• _Assignment_
Report every line of the data where the string "invariant" appears.

---

(* Fix $\varepsilon\in(0,\frac12)$ and $\delta\in(0,\frac12)$, and let $m\ge1$. There exist absolute constants $c_1,c_2>0$ and an integer $p_0=p_0(\varepsilon,\delta)$ such that for all $p\ge p_0$ the following hold. For every $n\le (p-1)(\log\frac1\varepsilon-1)$ and every (possibly randomized) label-permutation-equivariant learner $\mathcal{A}$, with $\widehat f=\mathcal{A}(S)$ for $S=\{(X_i,f(X_i))\}_{i=1}^n$, $X_i$ i.i.d. $\sim\mathcal{D}_X$, \[ \mathbb{P}\big[L(\widehat f)\le\varepsilon\big]\ \le\ \exp\!\Big(-\frac{(e-1)^2}{2\log(1/\varepsilon)}\varepsilon^2p\Big)+\exp(-c_1\varepsilon p)+\exp\!\Big(-\frac{c_2\varepsilon^2p}{\log(1/\varepsilon)}\Big), \] and this right-hand side is at most $\delta$. Consequently, every label-permutation-equivariant learner that, with probability at least $1-\delta$ over $S$ and its internal randomness, achieves $L(\widehat f)\le\varepsilon$ must use $n\ge (p-1)(\log\frac1\varepsilon-1)=\Omega(p)$ samples.
   Context: Let $[p]=\{0,\dots,p-1\}$, $e_r$ the standard basis of $\mathbb{R}^p$, $\mathcal{X}_m=\{x\in\{0,\dots,m\}^p:\|x\|_1=m\}$, and $\mathcal{D}_X$ the law of $X=\sum_{i=1}^m e_{s_i}$ with $s_1,\dots,s_m$ i.i.d. uniform on $[p]$. The ground-truth rule is $f(x)=(\sum_{k\in[p]}k\,x_k)\bmod p$. A (possibly randomized) learning algorithm $\mathcal{A}$ maps a sample $\{(x^{(i)},y^{(i)})\}_{i=1}^n\in(\mathcal{X}_m\times[p])^n$ to a (distribution over) hypothesis $\mathcal{X}_m\to[p]$. $\mathcal{A}$ is label-permutation equivariant if for every sample and every permutation $\sigma$ of $[p]$, $\mathcal{A}(\{(x^{(i)},\sigma(y^{(i)}))\})=\sigma\circ\mathcal{A}(\{(x^{(i)},y^{(i)})\})$ (equality in distribution of the output functions for randomized $\mathcal{A}$). The risk is $L(\widehat f)=\mathbb{P}_{X\sim\mathcal{D}_X}[\widehat f(X)\ne f(X)]$ with $X$ independent of the sample; the outer probability is over the sample and the internal randomness of $\mathcal{A}$. $\log$ is the natural logarithm. *)

theory Defs
  imports "HOL-Probability.Probability" "HOL-Combinatorics.Permutations"
begin

fun iid_list :: "nat \<Rightarrow> 'a pmf \<Rightarrow> 'a list pmf" where
  "iid_list 0 d = return_pmf []"
| "iid_list (Suc n) d = bind_pmf d (\<lambda>x. map_pmf (\<lambda>xs. x # xs) (iid_list n d))"

text \<open>Vectors in R^p with coordinates indexed by [p] = {0..<p} are represented as
  nat \<Rightarrow> nat functions that vanish outside [p].\<close>
definition Xm :: "nat \<Rightarrow> nat \<Rightarrow> (nat \<Rightarrow> nat) set" where
  "Xm p m = {x. (\<forall>k. p \<le> k \<longrightarrow> x k = 0) \<and> (\<forall>k<p. x k \<le> m) \<and> (\<Sum>k<p. x k) = m}"

text \<open>D_X: law of X = sum_{i=1}^m e_{s_i}, s_i i.i.d. uniform on [p].\<close>
definition DX :: "nat \<Rightarrow> nat \<Rightarrow> (nat \<Rightarrow> nat) pmf" where
  "DX p m = map_pmf (\<lambda>ss k. length (filter (\<lambda>s. s = k) ss)) (iid_list m (pmf_of_set {..<p}))"

definition target :: "nat \<Rightarrow> (nat \<Rightarrow> nat) \<Rightarrow> nat" where
  "target p x = (\<Sum>k<p. k * x k) mod p"

definition risk :: "nat \<Rightarrow> nat \<Rightarrow> ((nat \<Rightarrow> nat) \<Rightarrow> nat) \<Rightarrow> real" where
  "risk p m h = measure_pmf.prob (DX p m) {x. h x \<noteq> target p x}"

type_synonym learner = "((nat \<Rightarrow> nat) \<times> nat) list \<Rightarrow> ((nat \<Rightarrow> nat) \<Rightarrow> nat) pmf"

definition samples :: "nat \<Rightarrow> nat \<Rightarrow> nat \<Rightarrow> ((nat \<Rightarrow> nat) \<times> nat) list set" where
  "samples p m n = {S. length S = n \<and> (\<forall>(x,y)\<in>set S. x \<in> Xm p m \<and> y < p)}"

text \<open>A (randomized) learner on samples of size n: outputs hypotheses X_m \<rightarrow> [p].
  Hypotheses are only compared on X_m (values outside X_m are irrelevant).\<close>
definition valid_learner :: "nat \<Rightarrow> nat \<Rightarrow> nat \<Rightarrow> learner \<Rightarrow> bool" where
  "valid_learner p m n A \<longleftrightarrow>
     (\<forall>S\<in>samples p m n. \<forall>h\<in>set_pmf (A S). \<forall>x\<in>Xm p m. h x < p)"

definition label_perm_equivariant :: "nat \<Rightarrow> nat \<Rightarrow> nat \<Rightarrow> learner \<Rightarrow> bool" where
  "label_perm_equivariant p m n A \<longleftrightarrow>
     (\<forall>S\<in>samples p m n. \<forall>\<sigma>. \<sigma> permutes {..<p} \<longrightarrow>
        map_pmf (\<lambda>h. restrict h (Xm p m)) (A (map (\<lambda>(x,y). (x, \<sigma> y)) S))
        = map_pmf (\<lambda>h. restrict (\<sigma> \<circ> h) (Xm p m)) (A S))"

definition sample_dist :: "nat \<Rightarrow> nat \<Rightarrow> nat \<Rightarrow> ((nat \<Rightarrow> nat) \<times> nat) list pmf" where
  "sample_dist p m n = map_pmf (map (\<lambda>x. (x, target p x))) (iid_list n (DX p m))"

definition output_dist :: "nat \<Rightarrow> nat \<Rightarrow> nat \<Rightarrow> learner \<Rightarrow> ((nat \<Rightarrow> nat) \<Rightarrow> nat) pmf" where
  "output_dist p m n A = bind_pmf (sample_dist p m n) A"

end

theory Submission
  imports Defs "HOL-Number_Theory.Cong" "HOL-Real_Asymp.Real_Asymp"
begin

text \<open>Since \<open>m \<ge> 1\<close>, the labels \<open>f(X\<^sub>i)\<close> are i.i.d. uniform on \<open>[p]\<close>. A coupon collector estimate
  shows that after \<open>n \<le> (p - 1)(log (1/\<epsilon>) - 1)\<close> samples at least \<open>2\<epsilon>p\<close> labels are still unseen,
  except with probability \<open>exp (-\<epsilon>p/400)\<close>. Relabelling the unseen labels \<open>U\<close> fixes the sample, so
  by equivariance the learner does no better than \<open>\<sigma>\<^sup>-\<^sup>1 \<circ> h\<close> for a uniformly random permutation
  \<open>\<sigma>\<close> of \<open>U\<close>. Such a hypothesis is correct on a point with label \<open>a \<in> U\<close> only if \<open>h\<close> outputs \<open>\<sigma> a\<close>,
  and a permanent-type estimate bounds the fraction of permutations achieving risk \<open>\<le> \<epsilon>\<close> by
  \<open>poly(|U|) exp (\<epsilon>p - |U|)\<close>.\<close>

lemma prob_le_of_random_invariance:
  fixes M :: "'a pmf" and R :: "'b pmf"
  assumes invariant: "\<And>\<sigma>. \<sigma> \<in> set_pmf R \<Longrightarrow> measure_pmf.prob M {x. f \<sigma> x \<in> E} = measure_pmf.prob M E"
    and bound: "\<And>x. x \<in> set_pmf M \<Longrightarrow> measure_pmf.prob R {\<sigma>. f \<sigma> x \<in> E} \<le> C"
  shows "measure_pmf.prob M E \<le> C"
proof -
  obtain x0 where "x0 \<in> set_pmf M" using set_pmf_not_empty[of M] by blast
  then have "0 \<le> C" using bound[of x0] measure_nonneg order_trans by blast
  have "emeasure M E = (\<integral>\<^sup>+\<sigma>. emeasure M E \<partial>R)"
    by (simp add: measure_pmf.emeasure_space_1)
  also have "\<dots> = (\<integral>\<^sup>+\<sigma>. emeasure M {x. f \<sigma> x \<in> E} \<partial>R)"
    using invariant by (intro nn_integral_cong_AE AE_pmfI) (simp add: measure_pmf.emeasure_eq_measure)
  also have "\<dots> = emeasure (bind_pmf R (\<lambda>\<sigma>. map_pmf (f \<sigma>) M)) E"
    by (simp add: vimage_def)
  also have "\<dots> = emeasure (bind_pmf M (\<lambda>x. map_pmf (\<lambda>\<sigma>. f \<sigma> x) R)) E"
    unfolding map_pmf_def by (subst bind_commute_pmf) (rule refl)
  also have "\<dots> = (\<integral>\<^sup>+x. emeasure R {\<sigma>. f \<sigma> x \<in> E} \<partial>M)"
    by (simp add: vimage_def)
  also have "\<dots> \<le> (\<integral>\<^sup>+x. C \<partial>M)"
    using bound by (intro nn_integral_mono_AE AE_pmfI) (simp add: measure_pmf.emeasure_eq_measure ennreal_leI)
  finally show ?thesis
    using \<open>0 \<le> C\<close> by (simp add: measure_pmf.emeasure_eq_measure measure_pmf.emeasure_space_1)
qed

lemma prob_bind_pmf_le:
  assumes "K \<ge> 0" "\<And>x. x \<in> set_pmf M \<Longrightarrow> x \<notin> B \<Longrightarrow> measure_pmf.prob (f x) E \<le> K"
  shows "measure_pmf.prob (bind_pmf M f) E \<le> measure_pmf.prob M B + K"
proof -
  have "emeasure (bind_pmf M f) E = (\<integral>\<^sup>+x. emeasure (f x) E \<partial>M)"
    by simp
  also have "\<dots> \<le> (\<integral>\<^sup>+x. indicator B x + ennreal K \<partial>M)"
  proof (intro nn_integral_mono_AE AE_pmfI)
    fix x assume "x \<in> set_pmf M"
    then show "emeasure (f x) E \<le> indicator B x + ennreal K"
      using assms(2)[of x] measure_pmf.emeasure_le_1[of "f x" E]
      by (cases "x \<in> B") (auto simp: measure_pmf.emeasure_eq_measure ennreal_leI intro: add_increasing2)
  qed
  also have "\<dots> = emeasure M B + K"
    by (subst nn_integral_add) (auto simp: measure_pmf.emeasure_space_1)
  finally show ?thesis
    using assms(1) by (simp add: measure_pmf.emeasure_eq_measure flip: ennreal_plus)
qed

section \<open>The sample distribution\<close>

lemma map_pmf_map_iid_list: "map_pmf (map g) (iid_list n d) = iid_list n (map_pmf g d)"
proof (induction n)
  case (Suc n)
  have "map_pmf (map g) (iid_list (Suc n) d) =
      bind_pmf d (\<lambda>x. map_pmf (\<lambda>xs. g x # xs) (map_pmf (map g) (iid_list n d)))"
    by (simp add: map_bind_pmf pmf.map_comp o_def)
  then show ?case by (simp add: Suc bind_map_pmf)
qed simp

lemma set_pmf_iid_list:
  assumes "xs \<in> set_pmf (iid_list n d)"
  shows "length xs = n" and "set xs \<subseteq> set_pmf d"
  using assms by (induction n arbitrary: xs) (auto, blast)

lemma bij_betw_add_mod: "bij_betw (\<lambda>r. (x + r) mod p) {..<p} {..<(p::nat)}"
proof -
  have "inj_on (\<lambda>r. (x + r) mod p) {..<p}"
    by (rule inj_onI) (metis cong_add_lcancel_nat cong_def cong_less_modulus_unique_nat lessThan_iff)
  moreover have "(\<lambda>r. (x + r) mod p) ` {..<p} \<subseteq> {..<p}" by auto
  ultimately show ?thesis
    by (simp add: bij_betw_def endo_inj_surj)
qed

---

• _Exercise response_
  assumes invariant: "\<And>\<sigma>. \<sigma> \<in> set_pmf R \<Longrightarrow> measure_pmf.prob M {x. f \<sigma> x \<in> E} = measure_pmf.prob M E"
    using invariant by (intro nn_integral_cong_AE AE_pmfI) (simp add: measure_pmf.emeasure_eq_measure)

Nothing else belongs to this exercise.